Output range, inclusive: from the line containing "using top_run_le_top_run_move_run top_run_less_Max_diff_top_run" to the line containing "using Max_move_run by (simp". Restate those lines from the data below word for word and only those.

Stored data entries
↓↓↓

section \<open>Geometric sensing durations\<close>

lemma LIMSEQ_Suc_power_times_power_0:
  fixes s :: real
  assumes "0 \<le> s" "s < 1"
  shows "(\<lambda>k. real (Suc k) ^ n * s ^ k) \<longlonglongrightarrow> 0"
proof (cases "n = 0")
  case True then show ?thesis using assms by (simp add: LIMSEQ_power_zero)
next
  case False
  define x where "x = root n s"
  have x: "0 \<le> x" "x < 1" "x ^ n = s"
    using assms False by (auto simp: x_def real_root_pow_pos2)
  have "(\<lambda>k. real k * x ^ k + x ^ k) \<longlonglongrightarrow> 0 + 0"
    using powser_times_n_limit_0[of x] x by (intro tendsto_add LIMSEQ_power_zero) auto
  then have "(\<lambda>k. (real (Suc k) * x ^ k) ^ n) \<longlonglongrightarrow> 0"
    using tendsto_power[of _ 0 _ n] False by (simp add: algebra_simps power_0_left)
  moreover have "(real (Suc k) * x ^ k) ^ n = real (Suc k) ^ n * s ^ k" for k
    by (simp add: power_mult_distrib flip: x(3) power_mult) (simp add: mult.commute)
  ultimately show ?thesis by simp
qed

lemma summable_Suc_power_times_power:
  fixes q :: real
  assumes "0 \<le> q" "q < 1"
  shows "summable (\<lambda>k. real (Suc k) ^ n * q ^ k)"
proof -
  define r where "r = (1 + q) / 2"
  have r: "0 < r" "r < 1" "q < r" using assms by (auto simp: r_def)
  have "convergent (\<lambda>k. real (Suc k) ^ n * (q / r) ^ k)"
    using LIMSEQ_Suc_power_times_power_0[of "q / r"] assms r by (auto simp: convergent_def)
  then have "Bseq (\<lambda>k. real (Suc k) ^ n * (q / r) ^ k)" by (rule convergent_imp_Bseq)
  then obtain B where B: "\<And>k. norm (real (Suc k) ^ n * (q / r) ^ k) \<le> B"
    unfolding Bseq_def by blast
  have "norm (real (Suc k) ^ n * q ^ k) \<le> B * r ^ k" for k
  proof -
    have "norm (real (Suc k) ^ n * q ^ k) = norm (real (Suc k) ^ n * (q / r) ^ k) * r ^ k"
      using r assms by (simp add: power_divide abs_mult)
    also have "\<dots> \<le> B * r ^ k" using B[of k] r by (intro mult_right_mono) auto
    finally show ?thesis .
  qed
  moreover have "summable (\<lambda>k. B * r ^ k)" using r by (intro summable_mult summable_geometric) auto
  ultimately show ?thesis by (blast intro: summable_comparison_test')
qed

text \<open>For the sum \<open>B\<close>, \<open>(1 - q) B = \<Sum>k. ((k + 1)\<^sup>2 - k\<^sup>2) q\<^sup>k\<close> reduces it to first moments.\<close>
lemma sums_Suc_squared_times_power:
  fixes q :: real
  assumes q: "0 \<le> q" "q < 1"
  shows "(\<lambda>k. real (Suc k) ^ 2 * q ^ k) sums ((1 + q) / (1 - q) ^ 3)"
proof -
  define B where "B = (\<Sum>k. real (Suc k) ^ 2 * q ^ k)"
  have B: "(\<lambda>k. real (Suc k) ^ 2 * q ^ k) sums B"
    unfolding B_def using summable_Suc_power_times_power[OF q] by (simp add: summable_sums)
  have "(\<lambda>k. real (Suc k) ^ 2 * q ^ Suc k) sums (q * B)"
    using sums_mult[OF B, of q] by (simp add: mult_ac)
  then have shifted: "(\<lambda>k. real k ^ 2 * q ^ k) sums (q * B)"
    using sums_Suc_iff[of "\<lambda>k. real k ^ 2 * q ^ k" "q * B"] by simp
  have "(\<lambda>k. 2 * (real (Suc k) * q ^ k) - q ^ k) sums (2 * (1 / (1 - q) ^ 2) - 1 / (1 - q))"
    using geometric_deriv_sums[of q] geometric_sums[of q] q by (intro sums_diff sums_mult) auto
  moreover have "(\<lambda>k. 2 * (real (Suc k) * q ^ k) - q ^ k)
      = (\<lambda>k. real (Suc k) ^ 2 * q ^ k - real k ^ 2 * q ^ k)"
    by (auto simp: power2_eq_square algebra_simps)
  ultimately have "B - q * B = 2 * (1 / (1 - q) ^ 2) - 1 / (1 - q)"
    using sums_diff[OF B shifted] sums_unique2 by fastforce
  then have "(1 - q) * B = 2 * (1 / (1 - q) ^ 2) - 1 / (1 - q)"
    by (simp add: algebra_simps)
  also have "\<dots> = (1 + q) / (1 - q) ^ 2"
    using q by (simp add: divide_simps power2_eq_square) (simp add: algebra_simps)
  finally have "(1 - q) * B = (1 + q) / (1 - q) ^ 2" .
  then have "B = (1 + q) / (1 - q) ^ 2 / (1 - q)"
    using q by (simp add: eq_divide_eq mult.commute)
  then have "B = (1 + q) / (1 - q) ^ 3"
    by (simp add: power3_eq_cube power2_eq_square)
  then show ?thesis using B by simp
qed

definition geom_weight :: "real \<Rightarrow> nat \<Rightarrow> real" where
  "geom_weight mu k = (if k = 0 then 0 else (1 - 1 / mu) ^ (k - 1) * (1 / mu))"

context
  fixes mu :: real
  assumes mu: "1 \<le> mu"
begin

lemma geom_weight_nonneg: "0 \<le> geom_weight mu k"
  using mu by (simp add: geom_weight_def)

lemma sums_times_geom_weightI:
  "(\<lambda>k. f (Suc k) * (1 / mu) * (1 - 1 / mu) ^ k) sums x \<Longrightarrow> (\<lambda>k. f k * geom_weight mu k) sums x"
  using sums_Suc_iff[of "\<lambda>k. f k * geom_weight mu k" x] by (simp add: geom_weight_def mult_ac)

lemma geom_weight_sums: "geom_weight mu sums 1"
proof -
  have "(\<lambda>k. 1 / mu * (1 - 1 / mu) ^ k) sums (1 / mu * (1 / (1 - (1 - 1 / mu))))"
    using mu by (intro sums_mult geometric_sums) auto
  then show ?thesis using mu sums_times_geom_weightI[of "\<lambda>_. 1" 1] by simp
qed

lemma sums_of_nat_times_geom_weight: "(\<lambda>k. real k * geom_weight mu k) sums mu"
proof -
  have "(\<lambda>k. 1 / mu * (real (Suc k) * (1 - 1 / mu) ^ k)) sums (1 / mu * (1 / (1 - (1 - 1 / mu)) ^ 2))"
    using mu by (intro sums_mult geometric_deriv_sums) auto
  then show ?thesis
    using mu by (intro sums_times_geom_weightI) (simp add: power2_eq_square mult_ac)
qed

lemma sums_square_times_geom_weight: "(\<lambda>k. real k ^ 2 * geom_weight mu k) sums (2 * mu ^ 2 - mu)"
proof -
  have "(\<lambda>k. 1 / mu * (real (Suc k) ^ 2 * (1 - 1 / mu) ^ k))
      sums (1 / mu * ((1 + (1 - 1 / mu)) / (1 - (1 - 1 / mu)) ^ 3))"
    using mu by (intro sums_mult sums_Suc_squared_times_power) auto
  moreover have "1 / mu * ((1 + (1 - 1 / mu)) / (1 - (1 - 1 / mu)) ^ 3) = 2 * mu ^ 2 - mu"
    using mu by (simp add: field_simps power2_eq_square power3_eq_cube)
  ultimately show ?thesis by (intro sums_times_geom_weightI) (simp add: mult_ac)
qed
text \<open>
  For a 2-transitive orbit \<open>\<Delta> \<ni> \<alpha>\<close>, the point stabiliser \<open>G\<^sub>\<alpha>\<close> is transitive on
  \<open>\<Delta> - {\<alpha>}\<close> with two-point stabilisers of order \<open>t\<close>, so \<open>|G\<^sub>\<alpha>| = (|\<Delta>| - 1) t\<close> and
  \<open>|G| = |\<Delta>| (|\<Delta>| - 1) t\<close>. Given a second 2-transitive orbit \<open>\<Delta>'\<close>, the same formula
  forces \<open>|\<Delta>'| = |\<Delta>| = n\<close>, and every \<open>G\<^sub>\<alpha>\<close>-orbit on \<open>\<Delta>'\<close> has size \<open>|G\<^sub>\<alpha>| / t = n - 1\<close>.
  Two disjoint such orbits fit into \<open>\<Delta>'\<close> only if \<open>n = 2\<close>; then \<open>|G\<^sub>\<alpha>| = t\<close>, so \<open>G\<^sub>\<alpha>\<close>
  coincides with every two-point stabiliser \<open>G\<^sub>\<alpha>\<^sub>\<gamma>\<close>, fixes all of \<open>\<Omega>\<close>, and is trivial,
  contradicting \<open>t > 1\<close>.
\<close>

lemma group_action_subgroup_BijGroup:
  assumes "subgroup H (BijGroup \<Omega>)"
  shows "group_action (BijGroup \<Omega>\<lparr>carrier := H\<rparr>) \<Omega> (\<lambda>g. g)"
proof -
  have "group (BijGroup \<Omega>\<lparr>carrier := H\<rparr>)"
    using subgroup.subgroup_is_group[OF assms group_BijGroup] .
  moreover have "(\<lambda>g. g) \<in> hom (BijGroup \<Omega>\<lparr>carrier := H\<rparr>) (BijGroup \<Omega>)"
    using subgroup.subset[OF assms] by (auto simp: hom_def)
  ultimately show ?thesis
    by (simp add: group_action_def group_hom_def group_hom_axioms_def group_BijGroup)
qed

lemma orbit_stabilizer_BijGroup:
  assumes "subgroup H (BijGroup \<Omega>)" and "\<alpha> \<in> \<Omega>"
  shows "card (orbit_of H \<alpha>) * card {h \<in> H. h \<alpha> = \<alpha>} = card H"
proof -
  have "orbit (BijGroup \<Omega>\<lparr>carrier := H\<rparr>) (\<lambda>g. g) \<alpha> = orbit_of H \<alpha>"
    by (auto simp: orbit_def orbit_of_def)
  moreover have "stabilizer (BijGroup \<Omega>\<lparr>carrier := H\<rparr>) (\<lambda>g. g) \<alpha> = {h \<in> H. h \<alpha> = \<alpha>}"
    by (simp add: stabilizer_def)
  ultimately show ?thesis
    using group_action.orbit_stabilizer_theorem[OF group_action_subgroup_BijGroup[OF assms(1)] assms(2)]
    by (simp add: order_def)
qed

lemma subgroup_point_stabilizer_BijGroup:
  assumes "subgroup H (BijGroup \<Omega>)" and "\<alpha> \<in> \<Omega>"
  shows "subgroup {h \<in> H. h \<alpha> = \<alpha>} (BijGroup \<Omega>)"
proof -
  have "stabilizer (BijGroup \<Omega>\<lparr>carrier := H\<rparr>) (\<lambda>g. g) \<alpha> = {h \<in> H. h \<alpha> = \<alpha>}"
    by (simp add: stabilizer_def)
  then show ?thesis
    using group_action.stabilizer_subgroup[OF group_action_subgroup_BijGroup[OF assms(1)] assms(2)]
      group.incl_subgroup[OF group_BijGroup assms(1)] by simp
qed
text \<open>With \<open>s\<close> the smallest part and \<open>r\<close> the length of the top run, Franklin moves \<open>s\<close>
  onto the run if \<open>s \<le> r\<close> and the run down to a new smallest part if \<open>r < s\<close>, except
  when the run reaches \<open>s\<close> and \<open>s = r\<close> resp. \<open>s = r + 1\<close>.\<close>
definition smallest_movable :: "nat set \<Rightarrow> bool" where
  "smallest_movable P \<longleftrightarrow>
     Min P \<le> top_run P \<and> (Min P < top_run P \<or> Min P + top_run P \<le> Max P)"

definition run_movable :: "nat set \<Rightarrow> bool" where
  "run_movable P \<longleftrightarrow>
     top_run P < Min P \<and> (top_run P + 1 < Min P \<or> Min P + top_run P \<le> Max P)"

text \<open>Adding 1 to each of the \<open>Min P\<close> largest parts shifts the block
  \<open>{Max P + 1 - Min P..Max P}\<close> of the top run up by one.\<close>
definition move_smallest :: "nat set \<Rightarrow> nat set" where
  "move_smallest P = insert (Max P + 1) (P - {Min P, Max P + 1 - Min P})"

text \<open>Subtracting 1 from each part of the top run shifts it down by one.\<close>
definition move_run :: "nat set \<Rightarrow> nat set" where
  "move_run P = insert (top_run P) (insert (Max P - top_run P) (P - {Max P}))"

definition franklin :: "nat set \<Rightarrow> nat set" where
  "franklin P = (if smallest_movable P then move_smallest P else move_run P)"

definition franklin_exceptional :: "nat set \<Rightarrow> bool" where
  "franklin_exceptional P \<longleftrightarrow> \<not> smallest_movable P \<and> \<not> run_movable P"

context
  fixes P :: "nat set"
  assumes finite_P: "finite P" and P_nonempty: "P \<noteq> {}" and zero_not_mem_P: "0 \<notin> P"
begin

lemma Min_pos: "0 < Min P"
  using Min_in[OF finite_P P_nonempty] zero_not_mem_P by (metis gr0I)

lemma top_run_pos: "0 < top_run P"
  using Max_diff_top_run_not_mem[OF zero_not_mem_P] Max_in[OF finite_P P_nonempty] by (metis gr0I diff_zero)

lemma Min_add_top_run_le: "Min P + top_run P \<le> Max P + 1"
proof -
  have "Max P - (top_run P - 1) \<in> P"
    using top_run_pos by (intro top_run_mem) simp
  then have "Min P \<le> Max P - (top_run P - 1)"
    using finite_P by simp
  then show ?thesis
    using top_run_pos top_run_le_Max[OF zero_not_mem_P] by linarith
qed

lemma Max_add_one_not_mem: "Max P + 1 \<notin> P"
  using finite_P by (auto dest: Max_ge)

context
  assumes movable: "smallest_movable P"
begin

lemma Max_add_one_diff_Min_mem: "Max P + 1 - Min P \<in> P"
proof -
  have "Max P - (Min P - 1) \<in> P"
    using movable Min_pos by (intro top_run_mem) (auto simp: smallest_movable_def)
  moreover have "Max P - (Min P - 1) = Max P + 1 - Min P"
    using Min_pos Min_le[OF finite_P Max_in[OF finite_P P_nonempty]] by simp
  ultimately show ?thesis by simp
qed

lemma Min_less_Max_add_one_diff_Min: "Min P < Max P + 1 - Min P"
  using movable Min_add_top_run_le unfolding smallest_movable_def by linarith

lemma sum_move_smallest: "\<Sum>(move_smallest P) = \<Sum>P"
proof -
  have "P = insert (Min P) (insert (Max P + 1 - Min P) (P - {Min P, Max P + 1 - Min P}))"
    using Max_add_one_diff_Min_mem Min_in[OF finite_P P_nonempty] by blast
  then have "\<Sum>P = \<Sum>(insert (Min P) (insert (Max P + 1 - Min P) (P - {Min P, Max P + 1 - Min P})))"
    by (rule arg_cong)
  also have "\<dots> = Min P + (Max P + 1 - Min P) + \<Sum>(P - {Min P, Max P + 1 - Min P})"
    using finite_P Min_less_Max_add_one_diff_Min by simp
  also have "\<dots> = \<Sum>(move_smallest P)"
    using finite_P Max_add_one_not_mem Min_less_Max_add_one_diff_Min by (simp add: move_smallest_def)
  finally show ?thesis ..
qed

lemma card_move_smallest: "card (move_smallest P) + 1 = card P"
proof -
  have sub: "{Min P, Max P + 1 - Min P} \<subseteq> P"
    using Max_add_one_diff_Min_mem Min_in[OF finite_P P_nonempty] by blast
  then have "2 \<le> card P"
    using card_mono[OF finite_P sub] Min_less_Max_add_one_diff_Min by simp
  moreover have "card (P - {Min P, Max P + 1 - Min P}) = card P - 2"
    using sub Min_less_Max_add_one_diff_Min finite_P by (simp add: card_Diff_subset)
  ultimately show ?thesis
    using finite_P Max_add_one_not_mem by (simp add: move_smallest_def)
qed

lemma Max_move_smallest: "Max (move_smallest P) = Max P + 1"
  using finite_P by (intro Max_eqI) (auto simp: move_smallest_def dest: Max_ge[OF finite_P])

lemma top_run_move_smallest: "top_run (move_smallest P) = Min P"
proof (rule top_run_eqI)
  show "Max (move_smallest P) - Min P \<notin> move_smallest P"
    unfolding Max_move_smallest using Min_pos Min_less_Max_add_one_diff_Min by (simp add: move_smallest_def)
next
  fix i assume "i < Min P"
  show "Max (move_smallest P) - i \<in> move_smallest P"
  proof (cases i)
    case 0
    then show ?thesis unfolding Max_move_smallest by (simp add: move_smallest_def)
  next
    case (Suc i')
    have "Max P - i' \<in> P"
      using \<open>i < Min P\<close> Suc movable by (intro top_run_mem) (auto simp: smallest_movable_def)
    moreover have "Min P < Max P - i'" "Max P - i' \<noteq> Max P + 1 - Min P"
      using \<open>i < Min P\<close> Suc Min_less_Max_add_one_diff_Min by auto
    ultimately show ?thesis
      unfolding Max_move_smallest using Suc by (simp add: move_smallest_def)
  qed
qed

lemma Min_less_Min_move_smallest: "Min P < Min (move_smallest P)"
proof -
  have "Min P < x" if "x \<in> move_smallest P" for x
    using that Min_less_Max_add_one_diff_Min
    by (auto simp: move_smallest_def dest: Min_le[OF finite_P])
  then show ?thesis
    using finite_P by (simp add: move_smallest_def)
qed

lemma run_movable_move_smallest: "run_movable (move_smallest P)"
  using Min_less_Min_move_smallest Min_less_Max_add_one_diff_Min
  unfolding run_movable_def top_run_move_smallest Max_move_smallest by linarith

lemma move_run_move_smallest: "move_run (move_smallest P) = P"
proof -
  have "move_run (move_smallest P) =
      insert (Min P) (insert (Max P + 1 - Min P) (move_smallest P - {Max P + 1}))"
    by (simp add: move_run_def top_run_move_smallest Max_move_smallest)
  also have "move_smallest P - {Max P + 1} = P - {Min P, Max P + 1 - Min P}"
    using Max_add_one_not_mem by (auto simp: move_smallest_def)
  finally show ?thesis
    using Max_add_one_diff_Min_mem Min_in[OF finite_P P_nonempty] by auto
qed

end

context
  assumes movable: "run_movable P"
begin

lemma top_run_less_Max_diff_top_run: "top_run P < Max P - top_run P"
  using movable Min_add_top_run_le unfolding run_movable_def by linarith

lemma top_run_not_mem: "top_run P \<notin> P"
  using movable finite_P unfolding run_movable_def by (auto dest: Min_le)

lemma sum_move_run: "\<Sum>(move_run P) = \<Sum>P"
proof -
  have "\<Sum>(move_run P) = top_run P + (Max P - top_run P) + \<Sum>(P - {Max P})"
    using finite_P top_run_not_mem top_run_less_Max_diff_top_run Max_diff_top_run_not_mem[OF zero_not_mem_P]
    by (simp add: move_run_def)
  also have "\<dots> = \<Sum>P"
    using finite_P P_nonempty top_run_less_Max_diff_top_run by (simp add: sum.remove[of P "Max P"])
  finally show ?thesis .
qed

lemma card_move_run: "card (move_run P) = card P + 1"
proof -
  have "0 < card P"
    using finite_P P_nonempty by (simp add: card_gt_0_iff)
  then show ?thesis
    using finite_P Max_in[OF finite_P P_nonempty] top_run_not_mem top_run_less_Max_diff_top_run
      Max_diff_top_run_not_mem[OF zero_not_mem_P]
    by (simp add: move_run_def)
qed

lemma Max_move_run: "Max (move_run P) + 1 = Max P"
proof -
  have "Max (move_run P) = Max P - 1"
  proof (rule Max_eqI)
    show "finite (move_run P)"
      using finite_P by (simp add: move_run_def)
    show "x \<le> Max P - 1" if "x \<in> move_run P" for x
      using that top_run_pos top_run_less_Max_diff_top_run
      by (auto simp: move_run_def dest: Max_ge[OF finite_P])
    show "Max P - 1 \<in> move_run P"
    proof (cases "top_run P = 1")
      case False
      then have "Max P - 1 \<in> P"
        using top_run_pos by (intro top_run_mem) simp
      moreover have "Max P - 1 \<noteq> Max P"
        using top_run_less_Max_diff_top_run by linarith
      ultimately show ?thesis
        by (simp add: move_run_def)
    qed (simp add: move_run_def)
  qed
  then show ?thesis
    using top_run_less_Max_diff_top_run by simp
qed

lemma Min_move_run: "Min (move_run P) = top_run P"
  using finite_P movable top_run_less_Max_diff_top_run
  by (intro Min_eqI) (auto simp: move_run_def run_movable_def dest: Min_le[OF finite_P])

lemma top_run_le_top_run_move_run: "top_run P \<le> top_run (move_run P)"
proof (rule top_run_geI)
  show "0 \<notin> move_run P"
    using zero_not_mem_P top_run_pos top_run_less_Max_diff_top_run by (simp add: move_run_def)
next
  fix i assume "i < top_run P"
  show "Max (move_run P) - i \<in> move_run P"
  proof (cases "Suc i = top_run P")
    case True
    then have "Max (move_run P) - i = Max P - top_run P"
      using Max_move_run by linarith
    then show ?thesis
      by (simp add: move_run_def)
  next
    case False
    then have "Max P - Suc i \<in> P"
      using \<open>i < top_run P\<close> by (intro top_run_mem) simp
    moreover have "Max (move_run P) - i = Max P - Suc i" "Max P - Suc i \<noteq> Max P"
      using Max_move_run top_run_less_Max_diff_top_run by linarith+
    ultimately show ?thesis
      using top_run_less_Max_diff_top_run by (simp add: move_run_def)
  qed
qed

lemma smallest_movable_move_run: "smallest_movable (move_run P)"
  using top_run_le_top_run_move_run top_run_less_Max_diff_top_run Max_move_run
  unfolding smallest_movable_def Min_move_run by linarith

lemma move_smallest_move_run: "move_smallest (move_run P) = P"
proof -
  have partner: "Max (move_run P) + 1 - Min (move_run P) = Max P - top_run P"
    using Max_move_run by (simp add: Min_move_run)
  have "move_smallest (move_run P) =
      insert (Max P) (move_run P - {top_run P, Max P - top_run P})"
    unfolding move_smallest_def partner Max_move_run Min_move_run ..
  also have "move_run P - {top_run P, Max P - top_run P} = P - {Max P}"
    using top_run_not_mem Max_diff_top_run_not_mem[OF zero_not_mem_P]
    by (auto simp: move_run_def)
  finally show ?thesis
    using Max_in[OF finite_P P_nonempty] by auto
qed

end

context
  assumes not_exceptional: "\<not> franklin_exceptional P"
begin

lemma franklin_cases:
  obtains "smallest_movable P" "franklin P = move_smallest P" "run_movable (franklin P)"
  | "run_movable P" "franklin P = move_run P" "smallest_movable (franklin P)"
proof (cases "smallest_movable P")
  case True
  then show ?thesis
    using that(1) run_movable_move_smallest by (simp add: franklin_def)
next
  case False
  then have "run_movable P"
    using not_exceptional by (simp add: franklin_exceptional_def)
  then show ?thesis
    using that(2) False smallest_movable_move_run by (simp add: franklin_def)
qed

lemma franklin_franklin: "franklin (franklin P) = P"
proof (cases rule: franklin_cases)
  case 1
  then have "\<not> smallest_movable (franklin P)"
    by (auto simp: smallest_movable_def run_movable_def)
  then show ?thesis
    using 1 move_run_move_smallest by (simp add: franklin_def)
next
  case 2
  then show ?thesis
    using move_smallest_move_run by (simp add: franklin_def)
qed

lemma sum_franklin: "\<Sum>(franklin P) = \<Sum>P"
  by (cases rule: franklin_cases)
    (simp_all add: sum_move_smallest sum_move_run)

lemma finite_franklin: "finite (franklin P)"
  using finite_P by (simp add: franklin_def move_smallest_def move_run_def)

lemma zero_not_mem_franklin: "0 \<notin> franklin P"
  using zero_not_mem_P top_run_pos top_run_less_Max_diff_top_run
  by (cases rule: franklin_cases) (auto simp: move_smallest_def move_run_def)

lemma franklin_neq: "franklin P \<noteq> P"
  using card_move_smallest card_move_run
  by (cases rule: franklin_cases) auto

lemma franklin_not_exceptional: "\<not> franklin_exceptional (franklin P)"
  by (cases rule: franklin_cases) (simp_all add: franklin_exceptional_def)

lemma minus_one_power_card_franklin: "(- 1 :: 'a :: ring_1) ^ card (franklin P) = - ((- 1) ^ card P)"
proof (cases rule: franklin_cases)
  case 1
  then show ?thesis
    using card_move_smallest[symmetric] by simp
next
  case 2
  then show ?thesis
    using card_move_run by simp
qed

lemma minus_one_power_Max_franklin: "(- 1 :: 'a :: ring_1) ^ Max (franklin P) = - ((- 1) ^ Max P)"
proof (cases rule: franklin_cases)
  case 1
  then show ?thesis
    using Max_move_smallest by simp
next
  case 2
  then show ?thesis
    using Max_move_run[symmetric] by simp
qed

end

lemma franklin_exceptional_shape:
  assumes "franklin_exceptional P"
  shows "\<exists>r>0. P = {r..<2 * r} \<or> P = {Suc r..<Suc (2 * r)}"
proof -
  have Min_cases: "Min P = top_run P \<or> Min P = Suc (top_run P)"
    and Max_eq: "Max P + 1 = Min P + top_run P"
    using assms Min_add_top_run_le
    unfolding franklin_exceptional_def smallest_movable_def run_movable_def by linarith+
  have P_eq: "P = {Min P..<Max P + 1}"
  proof
    show "P \<subseteq> {Min P..<Max P + 1}"
      using Max_ge[OF finite_P] Min_le[OF finite_P] by fastforce
    show "{Min P..<Max P + 1} \<subseteq> P"
    proof
      fix x assume "x \<in> {Min P..<Max P + 1}"
      then have "Max P - (Max P - x) \<in> P"
        using Max_eq by (intro top_run_mem) auto
      then show "x \<in> P"
        using \<open>x \<in> {Min P..<Max P + 1}\<close> by simp
    qed
  qed
  moreover have "{Min P..<Max P + 1} = {top_run P..<2 * top_run P} \<or>
      {Min P..<Max P + 1} = {Suc (top_run P)..<Suc (2 * top_run P)}"
    using Min_cases Max_eq by (auto simp: mult_2)
  ultimately show ?thesis
    using top_run_pos by auto
qed

end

↑↑↑

◆ **ANSWER TO THE EXERCISE**:
  using top_run_le_top_run_move_run top_run_less_Max_diff_top_run Max_move_run
  unfolding smallest_movable_def Min_move_run by linarith

lemma move_smallest_move_run: "move_smallest (move_run P) = P"
proof -
  have partner: "Max (move_run P) + 1 - Min (move_run P) = Max P - top_run P"
    using Max_move_run by (simp add: Min_move_run)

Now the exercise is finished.